Тревожный месяц вересень (Смирнов) - страница 24

А молодисть не вернется,
Не вернеться вона…

Гуляют наши глухарские бабоньки.

А кто-то из них, как не без оснований предполагает бывалый Попеленко, подкармливает и обстирывает бандюг, И для кого-то там, в лесу, скрывается не бандюга, а милый друг, Грицько там или Панас, который когда-то, до войны, щеголял в вышитой рубахе, лузгал на танцах семечки, танцевал гопака и пел под гармошку: «По дорози жук-жук, по дорози черный, подывыся, дивчинонька, який я моторный…»

Как же, моторный. Очень даже.

Нет, не случайно в то утро Штебленок направился в район. И не случайно его подстерегли в Шарой роще. Кто-то знал, что Штебленок пойдет этой дорогой. Но кто? Ведь даже своему приятелю Попеленко ничего не сказал Штебленок…
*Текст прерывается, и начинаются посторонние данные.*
(* Let $r\in\mathbb N$, $n\ge r$, and let $a_1,\dots,a_n\in[0,1]$ satisfy $\sum_{j=1}^na_j=1$ and $\sum_{j=1}^na_j^2\le(2^r r!)^{-1}$. Then, with $\epsilon:=(2\,r!)^{-1}$, $$\prod_{j=1}^n(1+a_jx^2)\ge\epsilon\,x^{2r}\qquad\text{for every }x>0 .$$ Consequently, for any $\lambda>0$, $q>0$, setting $\Psi(\rho):=\prod_{j=1}^n\big(\lambda^2/(\lambda^2+\rho^2a_j)\big)^q$, one has $$\int_x^{+\infty}\Psi^s(\rho)\rho^m\,d\rho\le\frac{1}{2rqs-m-1}\Big(\frac{\lambda^{2r}}{\epsilon}\Big)^{qs}x^{-2rqs+m+1}$$ for every $x>0$, $s>0$ and $m<2rqs-1$.
   Context: In the paper this is applied with $a_j=\pi_{j,\nu}^2$ (nonnegative numbers summing to one), on the event where $\nu>r$ and $\sum_j\pi_{j,\nu}^4<(2^rr!)^{-1}$. *)

theory Defs
  imports "HOL-Analysis.Analysis"
begin

definition Psi :: "(nat \<Rightarrow> real) \<Rightarrow> nat \<Rightarrow> real \<Rightarrow> real \<Rightarrow> real \<Rightarrow> real" where
  "Psi a n lam q \<rho> = (\<Prod>j=1..n. (lam^2 / (lam^2 + \<rho>^2 * a j)) powr q)"

end

theory Submission
  imports Defs
begin

text \<open>
  Write \<open>e_k\<close> for the elementary symmetric polynomials of \<open>a_1,\<dots>,a_n\<close> and
  \<open>p_2 = \<Sum>a_j^2\<close>.  Expanding the product, \<open>\<Prod>(1 + a_j t) \<ge> e_r t^r\<close> for \<open>t \<ge> 0\<close>.
  Newton-type inequalities \<open>(k+1) e_{k+1} \<le> e_1 e_k\<close> and
  \<open>(k+2) e_{k+2} \<ge> e_1 e_{k+1} - p_2 e_k\<close>, iterated with \<open>e_1 = 1\<close>, give
  \<open>r! e_r \<ge> 1 - p_2 r(r-1)/2 \<ge> 1/2\<close>; this is the first claim with \<open>t = x^2\<close>
  and \<open>\<epsilon> = 1/(2 r!)\<close>.

  For the second claim, \<open>\<Psi>(\<rho>)^s = \<Prod>(1 + a_j (\<rho>/\<lambda>)^2)^{-qs}\<close>, so the first claim yields
  the pointwise bound \<open>\<Psi>(\<rho>)^s \<rho>^m \<le> (\<lambda>^{2r}/\<epsilon>)^{qs} \<rho>^{m - 2rqs}\<close>; comparing with the
  integrable tail \<open>\<integral>_x^\<infinity> \<rho>^e d\<rho> = x^{e+1}/(-e-1)\<close> (\<open>e < -1\<close>) gives the estimate.
\<close>

fun esym :: "(nat \<Rightarrow> real) \<Rightarrow> nat \<Rightarrow> nat \<Rightarrow> real" where
  "esym a 0 m = 1"
| "esym a (Suc k) 0 = 0"
| "esym a (Suc k) (Suc m) = esym a (Suc k) m + a (Suc m) * esym a k m"

lemma esym_one: "esym a 1 m = (\<Sum>j=1..m. a j)"
  by (induction m) auto

lemma esym_nonneg:
  assumes "\<And>j. j \<in> {1..m} \<Longrightarrow> 0 \<le> a j"
  shows "0 \<le> esym a k m"
  using assms
proof (induction a k m rule: esym.induct)
  case (3 a k m)
  then show ?case by (simp add: add_nonneg_nonneg)
qed auto

lemma esym_upper:
  assumes "\<And>j. j \<in> {1..m} \<Longrightarrow> 0 \<le> a j"
  shows "real (Suc k) * esym a (Suc k) m \<le> (\<Sum>j=1..m. a j) * esym a k m"
  using assms
proof (induction m arbitrary: k)
  case 0
  then show ?case by simp
next
  case (Suc m k)
  define S where "S = (\<Sum>j=1..m. a j)"
  define \<alpha> where "\<alpha> = a (Suc m)"
  have \<alpha>: "0 \<le> \<alpha>" using Suc.prems by (simp add: \<alpha>_def)
  have IH: "\<And>k. real (Suc k) * esym a (Suc k) m \<le> S * esym a k m"
    using Suc by (simp add: S_def)
  have SS: "(\<Sum>j=1..Suc m. a j) = S + \<alpha>" by (simp add: S_def \<alpha>_def)
  show ?case
  proof (cases k)
    case 0
    have "esym a 1 (Suc m) = S + \<alpha>" by (simp only: esym_one SS)
    then show ?thesis using 0 SS by simp
  next
    case (Suc i)
    have nn: "0 \<le> esym a i m" using Suc.prems by (intro esym_nonneg) auto
    have "real (Suc k) * esym a (Suc k) (Suc m)
        = real (Suc k) * esym a (Suc k) m + \<alpha> * (real (Suc i) * esym a k m + esym a k m)"
      using Suc by (simp add: \<alpha>_def algebra_simps)
    also have "\<dots> \<le> S * esym a k m + \<alpha> * (S * esym a i m + esym a k m)"
      using IH[of k] IH[of i] \<alpha> Suc by (intro add_mono mult_left_mono) auto
    also have "\<dots> \<le> (S + \<alpha>) * (esym a k m + \<alpha> * esym a i m)"
      using \<alpha> nn by (simp add: algebra_simps)
    also have "\<dots> = (\<Sum>j=1..Suc m. a j) * esym a k (Suc m)"
      unfolding SS using Suc by (simp add: \<alpha>_def)
    finally show ?thesis .
  qed
qed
Грустная песня про три вербы смолкла, и вот уже лихая «От Киева до Лубен» рванулась из Варвариных окон. В этом доме не могли долго скучать. Рядом со мной в темноте раздалось хехеканье: как будто кто-то галушкой поперхнулся. Я отпрянул вначале, а затем чиркнул спичкой. Был у меня заветный коробок, один из тех пяти, что я еще в госпитале выменял на немецкий перочинный нож с десятью приборами.

Слабый огонек высветил клубок пакли. Клубок этот был прикреплен к рваному ватнику, перепоясанному желтым трофейным проводом. На самой верхушке клубка каким-то чудом держалась серая солдатская шапчонка на рыбьем меху. Я держал спичку, пока она не обожгла пальцы, и заметил наконец под шапчонкой два темных, затерявшихся в пакле волос, хитро поблескивающих глаза, а чуть ниже алый влажный рот.

— Гнат! — сказал я. — Ты чего тут стоишь?

— Хе-хе-хе! — рассмеялся Гнат.

С таким же успехом Гнат мог задать этот вопрос мне. Мы оба друг друга стоили — деревенский дурачок и я.

— Хе-хе-хе! — снова засмеялся Гнат. — Девки! Хе-хе-хе! Бабы! Гуляют! Ха-арошие ма-асковские девки! Ха-арошие ма-асковские бабы! Хе-хе-хе!

Надо сказать, эпитет «ма-асковский» был у Гната определением наивысших достоинств. Когда-то, до войны, родственники Гната упросили председателя отправить дурачка за колхозный счет в Москву полечиться. Трезвого рассудка Гнат из Москвы не привез, зато приобрел целый набор сложнейших впечатлений; так возникло хвалебное слово «ма-асковский», навеянное, главным образом, посещением метро.

«О-о! О-о!» — кричал, вернувшись, Гнат и, размахивая руками, старался показать, как под землей бегают поезда. Разумеется, его не понимали: попробуй объясни, что такое метро, людям, из которых большинство не то что подземных, но и обыкновенных поездов не видело. Маляс, бывалый человек, ездивший до Полтавы, допускал, помнится, возможность подземных сообщений, но в спорах, разгоравшихся после возвращения Гната, никак не мог найти ответа на вопрос: куда же от паровозов девается копоть и дым? — «Задохнутся все!» — кричал Маляс. — «Оо! — кричал: Гнат. — Ма-асковский».